═════ Input for this task ═════
(* Let $(x_j, x_k)$ be a pair of jointly normal random variables with zero means, unit variances and correlation coefficient $\rho_{jk}$. Let $(x_j^{(1)},x_k^{(1)}),\dots,(x_j^{(n)},x_k^{(n)})$ be $n$ i.i.d. copies of $(x_j,x_k)$, and set $\hat x_j^{(i)} = \mathrm{sign}(x_j^{(i)})$, $\hat x_k^{(i)} = \mathrm{sign}(x_k^{(i)})$. Define $$\hat\beta_{jk} = \frac{1}{n}\sum_{i=1}^n \mathbb{I}\big(\hat x_j^{(i)}\hat x_k^{(i)} = 1\big), \qquad \hat\rho_{jk} = -\cos(\pi \hat\beta_{jk}).$$ Then for every $\delta \ge 0$, $$\Pr\big(|\hat\rho_{jk} - \rho_{jk}| \ge \delta\big) \le 2\exp\Big(-\frac{2}{\pi^2} n \delta^2\Big).$$
   Context: $\mathbb{I}(\cdot)$ denotes the indicator function and $\mathrm{sign}(t)\in\{-1,+1\}$ is the sign of $t$ (the event $t=0$ has probability zero). *)

theory Defs
  imports "HOL-Probability.Probability"
begin

text \<open>The standard bivariate normal law with zero means, unit variances and
correlation coefficient rho (for -1 <= rho <= 1): the distribution of
(Z1, rho*Z1 + sqrt(1-rho^2)*Z2) with Z1, Z2 independent standard normals.
This covers the degenerate cases rho = +-1 as well.\<close>

definition std_bivariate_normal :: "real \<Rightarrow> (real \<times> real) measure" where
  "std_bivariate_normal \<rho> =
     distr (density lborel std_normal_density \<Otimes>\<^sub>M density lborel std_normal_density)
           (borel \<Otimes>\<^sub>M borel)
           (\<lambda>(z1, z2). (z1, \<rho> * z1 + sqrt (1 - \<rho>\<^sup>2) * z2))"

definition beta_hat :: "nat \<Rightarrow> (nat \<Rightarrow> 'a \<Rightarrow> real) \<Rightarrow> (nat \<Rightarrow> 'a \<Rightarrow> real) \<Rightarrow> 'a \<Rightarrow> real" where
  "beta_hat n X Y \<omega> =
     (1 / real n) * (\<Sum>i<n. if sgn (X i \<omega>) * sgn (Y i \<omega>) = 1 then 1 else 0)"

definition rho_hat :: "nat \<Rightarrow> (nat \<Rightarrow> 'a \<Rightarrow> real) \<Rightarrow> (nat \<Rightarrow> 'a \<Rightarrow> real) \<Rightarrow> 'a \<Rightarrow> real" where
  "rho_hat n X Y \<omega> = - cos (pi * beta_hat n X Y \<omega>)"

end

theory Submission
  imports Defs "HOL-Real_Asymp.Real_Asymp"
begin

text \<open>The sign-agreement indicators of the n sample pairs are i.i.d. Bernoulli variables with
mean \<open>\<beta> = 1/2 + arcsin \<rho> / \<pi>\<close> (Sheppard's formula), so that \<open>\<rho> = - cos (\<pi> \<beta>)\<close>. Hoeffding's
inequality bounds the probability of \<open>\<bar>beta_hat - \<beta>\<bar> \<ge> \<epsilon>\<close> by \<open>2 exp (-2 n \<epsilon>\<^sup>2)\<close>, and since
\<open>- cos (\<pi> _)\<close> is \<open>\<pi>\<close>-Lipschitz, \<open>\<bar>rho_hat - \<rho>\<bar> \<ge> \<delta>\<close> forces \<open>\<bar>beta_hat - \<beta>\<bar> \<ge> \<delta> / \<pi>\<close>.

For Sheppard's formula write the pair as \<open>(x, \<rho> x + sqrt (1 - \<rho>\<^sup>2) y)\<close> with independent
standard normals \<open>x, y\<close> and substitute \<open>y = x t\<close> for fixed \<open>x\<close>: the ratio \<open>t\<close> has the Cauchy
density \<open>1 / (\<pi> (1 + t\<^sup>2))\<close>, and the two coordinates have the same sign iff
\<open>t > - \<rho> / sqrt (1 - \<rho>\<^sup>2)\<close>, an event of probability
\<open>1/2 + arctan (\<rho> / sqrt (1 - \<rho>\<^sup>2)) / \<pi> = 1/2 + arcsin \<rho> / \<pi>\<close>.\<close>

lemma nn_integral_x_exp_neg_sq_atLeast_0:
  fixes k :: real
  assumes "k > 0"
  shows "(\<integral>\<^sup>+x. ennreal (x * exp (- (k * x\<^sup>2))) * indicator {0..} x \<partial>lborel) = ennreal (1 / (2 * k))"
proof -
  have "(\<integral>\<^sup>+x. ennreal (x * exp (- (k * x\<^sup>2))) * indicator {0..} x \<partial>lborel)
      = ennreal (0 - (- exp (- (k * 0\<^sup>2)) / (2 * k)))"
  proof (rule nn_integral_FTC_atLeast)
    show "((\<lambda>x::real. - exp (- (k * x\<^sup>2)) / (2 * k)) \<longlongrightarrow> 0) at_top"
      using \<open>k > 0\<close> by real_asymp
  qed (use \<open>k > 0\<close> in \<open>auto intro!: derivative_eq_intros simp: field_simps\<close>)
  then show ?thesis by simp
qed

lemma nn_integral_abs_mult_std_normal_density:
  fixes t :: real
  shows "(\<integral>\<^sup>+x. ennreal (\<bar>x\<bar> * std_normal_density x * std_normal_density (x * t)) \<partial>lborel)
         = ennreal (1 / (pi * (1 + t\<^sup>2)))"
proof -
  define k where "k = (1 + t\<^sup>2) / 2"
  have "k > 0" unfolding k_def by (simp add: add_pos_nonneg)
  define g where "g x = ennreal (x * exp (- (k * x\<^sup>2))) * indicator {0..} x" for x
  have g_borel[measurable]: "g \<in> borel_measurable borel" unfolding g_def by measurable
  have "std_normal_density x * std_normal_density (x * t) = exp (- (k * x\<^sup>2)) / (2 * pi)" for x
    unfolding k_def
    by (simp add: std_normal_density_def mult_exp_exp field_simps power2_eq_square
        flip: real_sqrt_mult)
  then have split: "ennreal (\<bar>x\<bar> * std_normal_density x * std_normal_density (x * t))
      = ennreal (1 / (2 * pi)) * (g x + g (0 + (-1) * x))" for x
    unfolding g_def
    by (cases "x \<ge> 0")
      (auto simp: mult.assoc indicator_def ennreal_mult'[symmetric] ennreal_mult[symmetric])
  have "(\<integral>\<^sup>+x. ennreal (\<bar>x\<bar> * std_normal_density x * std_normal_density (x * t)) \<partial>lborel)
      = ennreal (1 / (2 * pi)) * ((\<integral>\<^sup>+x. g x \<partial>lborel) + (\<integral>\<^sup>+x. g (0 + (-1) * x) \<partial>lborel))"
    unfolding split by (subst nn_integral_cmult, measurable) (subst nn_integral_add, auto)
  also have "(\<integral>\<^sup>+x. g (0 + (-1) * x) \<partial>lborel) = (\<integral>\<^sup>+x. g x \<partial>lborel)"
    using nn_integral_real_affine[OF g_borel, of "-1" 0] by simp
  also have "(\<integral>\<^sup>+x. g x \<partial>lborel) = ennreal (1 / (2 * k))"
    unfolding g_def using \<open>k > 0\<close> by (rule nn_integral_x_exp_neg_sq_atLeast_0)
  also have "ennreal (1 / (2 * pi)) * (ennreal (1 / (2 * k)) + ennreal (1 / (2 * k)))
      = ennreal (1 / (2 * pi) * (1 / k))"
    using \<open>k > 0\<close> by (simp add: ennreal_mult[symmetric] flip: ennreal_plus)
  also have "1 / (2 * pi) * (1 / k) = 1 / (pi * (1 + t\<^sup>2))"
    unfolding k_def by simp
  finally show ?thesis .
qed

lemma nn_integral_cauchy_density_greaterThan:
  fixes a :: real
  shows "(\<integral>\<^sup>+t. ennreal (1 / (pi * (1 + t\<^sup>2))) * indicator {a<..} t \<partial>lborel)
         = ennreal (1 / 2 - arctan a / pi)"
proof -
  have "(\<integral>\<^sup>+t. ennreal (1 / (pi * (1 + t\<^sup>2))) * indicator {a<..} t \<partial>lborel)
      = (\<integral>\<^sup>+t. ennreal (1 / (pi * (1 + t\<^sup>2))) * indicator {a..} t \<partial>lborel)"
    by (intro nn_integral_cong_AE AE_I[where N="{a}"]) (auto split: split_indicator)
  also have "\<dots> = ennreal ((pi / 2) / pi - arctan a / pi)"
  proof (rule nn_integral_FTC_atLeast)
    show "((\<lambda>t. arctan t / pi) \<longlongrightarrow> (pi / 2) / pi) at_top"
      by (intro tendsto_intros) (simp_all add: tendsto_arctan_at_top)
  next
    fix t :: real
    have "1 + t\<^sup>2 > 0" by (simp add: add_pos_nonneg)
    then show "DERIV (\<lambda>t. arctan t / pi) t :> 1 / (pi * (1 + t\<^sup>2))"
      using DERIV_cdivide[OF DERIV_arctan[of t], of pi] by (simp add: inverse_eq_divide mult.commute)
    show "0 \<le> 1 / (pi * (1 + t\<^sup>2))" using \<open>1 + t\<^sup>2 > 0\<close> by simp
  qed auto
  finally show ?thesis by simp
qed

definition sgn_agree :: "real \<times> real \<Rightarrow> real" where
  "sgn_agree = (\<lambda>(u, v). if sgn u * sgn v = 1 then 1 else 0)"

lemma sgn_agree_Pair: "sgn_agree (u, v) = (if sgn u * sgn v = 1 then 1 else 0)"
  by (simp add: sgn_agree_def)

lemma borel_measurable_sgn_agree [measurable]: "sgn_agree \<in> borel_measurable (borel \<Otimes>\<^sub>M borel)"
  unfolding sgn_agree_def by measurable

lemma sgn_agree_bounds: "0 \<le> sgn_agree z" "sgn_agree z \<le> 1"
  by (auto simp: sgn_agree_def split: prod.splits)

lemma sgn_agree_mult_ratio:
  fixes \<rho> s x t :: real
  assumes "x \<noteq> 0" and "s > 0"
  shows "sgn_agree (x, \<rho> * x + s * (x * t)) = indicator {- (\<rho> / s)<..} t"
proof -
  have "\<rho> * x + s * (x * t) = x * (\<rho> + s * t)" by (simp add: algebra_simps)
  then have "sgn x * sgn (\<rho> * x + s * (x * t)) = sgn (\<rho> + s * t)"
    using \<open>x \<noteq> 0\<close> by (simp add: sgn_mult mult.assoc[symmetric] sgn_mult_self_eq)
  moreover have "sgn (\<rho> + s * t) = 1 \<longleftrightarrow> - (\<rho> / s) < t"
    using \<open>s > 0\<close> by (auto simp: sgn_if field_simps)
  ultimately show ?thesis by (simp add: sgn_agree_Pair indicator_def)
qed

lemma nn_integral_sgn_agree_std_normal_ratio:
  fixes \<rho> s x :: real
  assumes "s > 0"
  shows "ennreal (std_normal_density x) *
           (\<integral>\<^sup>+y. ennreal (std_normal_density y) * ennreal (sgn_agree (x, \<rho> * x + s * y)) \<partial>lborel)
         = (\<integral>\<^sup>+t. ennreal (\<bar>x\<bar> * std_normal_density x * std_normal_density (x * t))
                  * indicator {- (\<rho> / s)<..} t \<partial>lborel)"
proof (cases "x = 0")
  case True
  then show ?thesis by (simp add: sgn_agree_Pair)
next
  case False
  have "(\<integral>\<^sup>+y. ennreal (std_normal_density y) * ennreal (sgn_agree (x, \<rho> * x + s * y)) \<partial>lborel)
      = \<bar>x\<bar> * (\<integral>\<^sup>+t. ennreal (std_normal_density (0 + x * t))
                       * ennreal (sgn_agree (x, \<rho> * x + s * (0 + x * t))) \<partial>lborel)"
    using False by (intro nn_integral_real_affine) auto
  also have "\<dots> = \<bar>x\<bar> * (\<integral>\<^sup>+t. ennreal (std_normal_density (x * t)) * indicator {- (\<rho> / s)<..} t \<partial>lborel)"
    using False \<open>s > 0\<close> by (simp add: sgn_agree_mult_ratio ennreal_indicator)
  finally show ?thesis
    by (simp add: nn_integral_cmult[symmetric] ennreal_mult mult_ac)
qed
lemma expected_count_finite:
  assumes "0 < s"
  shows "expected_count s t < \<infinity>"
proof (cases "t \<le> s")
  case True
  then show ?thesis by (simp add: expected_count_def bid_count_empty)
next
  case False
  have "ennreal s * expected_count s t = (\<integral>\<^sup>+\<omega>. ennreal s * bid_count (\<beta> \<omega>) s t \<partial>M)"
    unfolding expected_count_def by (simp add: nn_integral_cmult)
  also have "\<dots> \<le> (\<integral>\<^sup>+\<omega>. distinct_cost (\<beta> \<omega>) t \<partial>M)"
    by (intro nn_integral_mono bid_count_le_distinct_cost assms)
  also have "\<dots> \<le> ennreal (rho * t)"
    using False assms by (intro expected_distinct_cost_le) simp
  finally have le: "ennreal s * expected_count s t \<le> ennreal (rho * t)" .
  show ?thesis
  proof (rule ccontr)
    assume "\<not> expected_count s t < \<infinity>"
    then have "ennreal s * expected_count s t = \<infinity>"
      using assms by (simp add: less_top[symmetric] ennreal_mult_top)
    with le show False by (simp add: top_unique)
  qed
qed

lemma expected_count_add:
  assumes "s \<le> t" "t \<le> u"
  shows "expected_count s u = expected_count s t + expected_count t u"
  unfolding expected_count_def bid_count_add[OF assms] by (rule nn_integral_add) auto

lemma expected_count_mono: "s' \<le> s \<Longrightarrow> t \<le> t' \<Longrightarrow> expected_count s t \<le> expected_count s' t'"
  unfolding expected_count_def by (intro nn_integral_mono bid_count_mono)

lemma count_level_diff:
  assumes "0 < s" "s \<le> t"
  shows "count_level t - count_level s = enn2real (expected_count s t)"
proof -
  have add: "enn2real (expected_count a c) = enn2real (expected_count a b) + enn2real (expected_count b c)"
    if "0 < a" "a \<le> b" "b \<le> c" for a b c
    using expected_count_add[OF that(2,3)] expected_count_finite[of a b] expected_count_finite[of b c] that
    by (simp add: enn2real_plus)
  consider "1 \<le> s" | "s < 1" "1 \<le> t" | "t < 1" using assms by linarith
  then show ?thesis
  proof cases
    case 1
    then show ?thesis using add[of 1 s t] assms by (simp add: count_level_def)
  next
    case 2
    then show ?thesis using add[of s 1 t] assms by (simp add: count_level_def)
  next
    case 3
    then show ?thesis using add[of s t 1] assms by (simp add: count_level_def)
  qed
qed

lemma count_level_mono: "0 < s \<Longrightarrow> s \<le> t \<Longrightarrow> count_level s \<le> count_level t"
  using count_level_diff[of s t] enn2real_nonneg[of "expected_count s t"] by linarith

lemma count_level_one: "count_level 1 = 0"
  by (simp add: count_level_def expected_count_def bid_count_empty)

lemma count_level_le_one: "t \<le> 1 \<Longrightarrow> count_level t = - enn2real (expected_count t 1)"
  by (cases "t = 1") (simp_all add: count_level_def expected_count_def bid_count_empty)

lemma count_level_unbounded_below: "\<exists>t>0. count_level t < x"
proof -
  have "(SUP k. expected_count (inverse (1 + real k)) 1) = \<infinity>"
    unfolding expected_count_def
  proof (rule SUP_nn_integral_eq_top)
    show "incseq (\<lambda>k \<omega>. bid_count (\<beta> \<omega>) (inverse (1 + real k)) 1)"
      by (intro incseq_SucI le_funI bid_count_mono le_imp_inverse_le) auto
    show "AE \<omega> in M. (SUP k. bid_count (\<beta> \<omega>) (inverse (1 + real k)) 1) = \<infinity>"
      using AE_bid_sequence by eventually_elim (rule SUP_bid_count_below)
  qed simp
  then have "ennreal \<bar>x\<bar> < (SUP k. expected_count (inverse (1 + real k)) 1)" by (simp only:) simp
  then obtain k where k: "ennreal \<bar>x\<bar> < expected_count (inverse (1 + real k)) 1"
    unfolding less_SUP_iff by blast
  have t: "0 < inverse (1 + real k)" "inverse (1 + real k) \<le> 1" by (simp_all add: inverse_le_1_iff)
  have "\<bar>x\<bar> < enn2real (expected_count (inverse (1 + real k)) 1)"
    using k expected_count_finite[OF t(1)] by (rule less_enn2real_if_ennreal_less)
  then have "count_level (inverse (1 + real k)) < x" by (simp add: count_level_le_one[OF t(2)])
  with t(1) show ?thesis by blast
qed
═════
Problem statement: Which lines in the data above contain "independent"? Show each one.

Written solution:
(Z1, rho*Z1 + sqrt(1-rho^2)*Z2) with Z1, Z2 independent standard normals.
For Sheppard's formula write the pair as \<open>(x, \<rho> x + sqrt (1 - \<rho>\<^sup>2) y)\<close> with independent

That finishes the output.